Jim Aiken invited numerous international artists to Ireland from the 1960s until his death, in the process of which he developed working relationships with musicians such as Johnny Cash, Bob Dylan, Elton John, Tom Jones, Cliff Richard, Luciano Pavarotti, Bruce Springsteen and Simon and Garfunkel. He vacated a teaching post in 1965 when he began to find success promoting music.

Aiken was also innovative in persuading the Gaelic Athletic Association to open up Croke Park in Dublin as a music venue, with Aiken organising the first ever shows at the venue by U2 in 1985. U2 still use the venue for performances in the city today, with the latest taking place in July 2009 as part of their U2 360° Tour.

Aiken also promoted shows at Stormont Castle in Belfast, as well as the regular Slane Concert events in County Meath in the 1980s, featuring artists such as The Rolling Stones, Bob Dylan, Bruce Springsteen, David Bowie and Queen, before his death in February 2007. Gilbert O'Sullivan performed under the company's banner in the 1970s. When Westlife perform in Belfast they are advertised by Aiken Promotions.

== Recent events ==
=== Electric Picnic ===

Aiken Promotions previously organised the Electric Picnic festival alongside Pod Concerts. The British promoter Festival Republic bought out the share of Aiken Promotions in Electric Picnic in March 2009, joining in a partnership with Pod Concerts to organise the 2009 event.

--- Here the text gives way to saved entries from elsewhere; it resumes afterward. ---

lemma rho_bar_witness:
  fixes v :: "'a::real_normed_vector"
  assumes inf: "infinite_dimensional TYPE('a)" and v: "norm v = 1"
    and less: "rho_bar TYPE('a) t < a"
  obtains W where "fin_codim W" "\<And>w. w \<in> W \<Longrightarrow> norm w = 1 \<Longrightarrow> norm (v + t *\<^sub>R w) < 1 + a"
proof -
  define H where "H y W = (SUP w\<in>sphere 0 1 \<inter> W. norm (y + t *\<^sub>R w))" for y :: 'a and W
  have bdd_norms: "bdd_above ((\<lambda>w. norm (y + t *\<^sub>R w)) ` (sphere 0 1 \<inter> W))" for y :: 'a and W
    by (rule bdd_aboveI[where M = "norm y + \<bar>t\<bar>"]) (auto intro: norm_add_scaleR_unit_le)
  have H_bounds: "0 \<le> H y W \<and> H y W \<le> norm y + \<bar>t\<bar>" if W: "fin_codim W" for y W
  proof -
    obtain w0 where w0: "w0 \<in> W" "norm w0 = 1" using fin_codim_obtain_unit[OF inf W] by metis
    have "norm (y + t *\<^sub>R w0) \<le> H y W"
      unfolding H_def by (rule cSUP_upper[OF _ bdd_norms]) (use w0 in simp)
    moreover have "H y W \<le> norm y + \<bar>t\<bar>"
      unfolding H_def using w0 by (intro cSUP_least) (auto intro: norm_add_scaleR_unit_le)
    ultimately show ?thesis using norm_ge_zero[of "y + t *\<^sub>R w0"] by linarith
  qed
  have bdd_H: "bdd_below ((\<lambda>W. H y W) ` {W. fin_codim W})" for y
    by (rule bdd_belowI[where m=0]) (use H_bounds in auto)
  have "(INF W\<in>{W. fin_codim W}. H v W) \<le> rho_bar TYPE('a) t + 1"
  proof -
    have G_le: "(INF W\<in>{W. fin_codim W}. H y W) \<le> norm y + \<bar>t\<bar>" for y
      using cINF_lower[OF bdd_H, of UNIV y] H_bounds[OF fin_codim_UNIV, of y] fin_codim_UNIV
      by force
    have "bdd_above ((\<lambda>y. INF W\<in>{W. fin_codim W}. H y W) ` sphere 0 1)"
    proof (rule bdd_aboveI[where M = "1 + \<bar>t\<bar>"])
      fix x assume "x \<in> (\<lambda>y. INF W\<in>{W. fin_codim W}. H y W) ` sphere 0 1"
      then obtain y :: 'a where "norm y = 1" "x = (INF W\<in>{W. fin_codim W}. H y W)" by auto
      then show "x \<le> 1 + \<bar>t\<bar>" using G_le[of y] by simp
    qed
    then have "(INF W\<in>{W. fin_codim W}. H v W) \<le> (SUP y\<in>sphere 0 1. INF W\<in>{W. fin_codim W}. H y W)"
      by (rule cSUP_upper[rotated]) (use v in simp)
    then show ?thesis unfolding rho_bar_def H_def by simp
  qed
  then have "(INF W\<in>{W. fin_codim W}. H v W) < 1 + a" using less by linarith
  moreover have "{W. fin_codim W} \<noteq> {}" using fin_codim_UNIV by blast
  ultimately obtain W where W: "fin_codim W" "H v W < 1 + a"
    using cINF_less_iff[OF _ bdd_H] by (metis mem_Collect_eq)
  show thesis
  proof (rule that[OF W(1)])
    fix w assume "w \<in> W" "norm w = 1"
    then have "norm (v + t *\<^sub>R w) \<le> H v W" unfolding H_def by (intro cSUP_upper[OF _ bdd_norms]) simp
    then show "norm (v + t *\<^sub>R w) < 1 + a" using W(2) by linarith
  qed
qed

lemma rho_bar_nonneg:
  assumes inf: "infinite_dimensional TYPE('a::real_normed_vector)"
  shows "0 \<le> rho_bar TYPE('a) t"
proof (rule ccontr)
  assume "\<not> 0 \<le> rho_bar TYPE('a) t"
  obtain v :: 'a where v: "norm v = 1" using fin_codim_obtain_unit[OF inf fin_codim_UNIV] by metis
  obtain W where W: "fin_codim W" "\<And>w. w \<in> W \<Longrightarrow> norm w = 1 \<Longrightarrow> norm (v + t *\<^sub>R w) < 1 + 0"
    using rho_bar_witness[OF inf v] \<open>\<not> 0 \<le> rho_bar TYPE('a) t\<close> by (metis not_le)
  obtain w where w: "w \<in> W" "norm w = 1" using fin_codim_obtain_unit[OF inf W(1)] by metis
  have "- w \<in> W" using subspace_neg[OF fin_codim_subspace[OF W(1)] w(1)] .
  then have "norm (v - t *\<^sub>R w) < 1" using W(2)[of "- w"] w(2) by simp
  moreover have "norm (v + t *\<^sub>R w) < 1" using W(2) w by simp
  moreover have "2 \<le> norm (v + t *\<^sub>R w) + norm (v - t *\<^sub>R w)"
    using norm_triangle_ineq[of "v + t *\<^sub>R w" "v - t *\<^sub>R w"] v by (simp flip: scaleR_2)
  ultimately show False by linarith
qed

lemma delta_bar_zero_nonpos:
  assumes inf: "infinite_dimensional TYPE('a::real_normed_vector)"
  shows "delta_bar TYPE('a) 0 \<le> 0"
proof (rule ccontr)
  assume "\<not> delta_bar TYPE('a) 0 \<le> 0"
  obtain u :: 'a where u: "norm u = 1" using fin_codim_obtain_unit[OF inf fin_codim_UNIV] by metis
  obtain Z where Z: "fin_codim Z" "\<And>z. z \<in> Z \<Longrightarrow> norm z = 1 \<Longrightarrow> 1 + 0 < norm (u + 0 *\<^sub>R z)"
    using delta_bar_witness[OF inf u] \<open>\<not> delta_bar TYPE('a) 0 \<le> 0\<close> by (metis not_le)
  obtain z where "z \<in> Z" "norm z = 1" using fin_codim_obtain_unit[OF inf Z(1)] by metis
  then show False using Z(2) u by fastforce
qed

lemma norm_add_scaleR_gt_mono:
  fixes u z :: "'a::real_normed_vector"
  assumes "norm u = 1" "0 < \<tau>" "\<tau> \<le> \<sigma>" "0 \<le> a" "1 + a < norm (u + \<tau> *\<^sub>R z)"
  shows "1 + a < norm (u + \<sigma> *\<^sub>R z)"
proof (rule ccontr)
  assume le: "\<not> 1 + a < norm (u + \<sigma> *\<^sub>R z)"
  define \<theta> where "\<theta> = \<tau> / \<sigma>"
  have \<theta>: "0 < \<theta>" "\<theta> \<le> 1" using assms unfolding \<theta>_def by auto
  have "u + \<tau> *\<^sub>R z = (1 - \<theta>) *\<^sub>R u + \<theta> *\<^sub>R (u + \<sigma> *\<^sub>R z)"
    using assms unfolding \<theta>_def by (simp add: algebra_simps)
  then have "norm (u + \<tau> *\<^sub>R z) \<le> (1 - \<theta>) + \<theta> * norm (u + \<sigma> *\<^sub>R z)"
    using norm_triangle_ineq[of "(1 - \<theta>) *\<^sub>R u" "\<theta> *\<^sub>R (u + \<sigma> *\<^sub>R z)"] \<theta> assms(1) by simp
  also have "\<dots> \<le> (1 - \<theta>) + \<theta> * (1 + a)"
    using le \<theta> by (intro add_left_mono mult_left_mono) auto
  also have "\<dots> \<le> 1 + a"
    using mult_right_mono[OF \<theta>(2) assms(4)] by (simp add: algebra_simps)
  finally show False using assms(5) by simp
qed

lemma delta_bar_far_translates:
  fixes x :: "'a::real_normed_vector"
  assumes inf: "infinite_dimensional TYPE('a)" and less: "a < delta_bar TYPE('a) \<tau>"
    and "0 \<le> a" "0 < \<tau>" "x \<noteq> 0"
  obtains Z where "fin_codim Z"
    "\<And>h. h \<in> Z \<Longrightarrow> \<tau> * norm x \<le> norm h \<Longrightarrow> norm x * (1 + a) < norm (x - h)"
proof -
  define u where "u = inverse (norm x) *\<^sub>R x"
  have u: "norm u = 1" using \<open>x \<noteq> 0\<close> by (simp add: u_def)
  obtain Z where Z: "fin_codim Z" "\<And>z. z \<in> Z \<Longrightarrow> norm z = 1 \<Longrightarrow> 1 + a < norm (u + \<tau> *\<^sub>R z)"
    using delta_bar_witness[OF inf u less] by metis
  show thesis
  proof (rule that[OF Z(1)])
    fix h assume h: "h \<in> Z" "\<tau> * norm x \<le> norm h"
    have "0 < norm h" using h(2) \<open>0 < \<tau>\<close> \<open>x \<noteq> 0\<close> by (smt (verit) mult_pos_pos zero_less_norm_iff)
    define z where "z = - inverse (norm h) *\<^sub>R h"
    have "z \<in> Z"
      unfolding z_def using fin_codim_subspace[OF Z(1)] h(1) by (simp add: subspace_neg subspace_scale)
    moreover have "norm z = 1" unfolding z_def using \<open>0 < norm h\<close> by simp
    ultimately have "1 + a < norm (u + (norm h / norm x) *\<^sub>R z)"
      using norm_add_scaleR_gt_mono[OF u \<open>0 < \<tau>\<close> _ \<open>0 \<le> a\<close> Z(2)] h(2) \<open>x \<noteq> 0\<close>
      by (simp add: pos_le_divide_eq mult.commute)
    moreover have "x - h = norm x *\<^sub>R (u + (norm h / norm x) *\<^sub>R z)"
      using \<open>x \<noteq> 0\<close> \<open>0 < norm h\<close> by (simp add: z_def u_def algebra_simps)
    ultimately show "norm x * (1 + a) < norm (x - h)"
      using \<open>x \<noteq> 0\<close> by simp
  qed
qed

=== Live at the Marquee ===

Aiken Promotions have been promoting their annual Live at the Marquee event in Cork since 2005. The company has attracted artists such as Simple Minds, Crosby, Stills & Nash, Rod Stewart, The Prodigy, Kasabian and Josh Ritter for the 2009 event, whilst Christy Moore performs there on a regular basis. In addition, the company held similar tented shows in Phoenix Park, Dublin, in 2007, whilst the Point Theatre (now the O_{2}) was unavailable due to renovations. Shows were performed there by artists such as Kanye West and Cascada.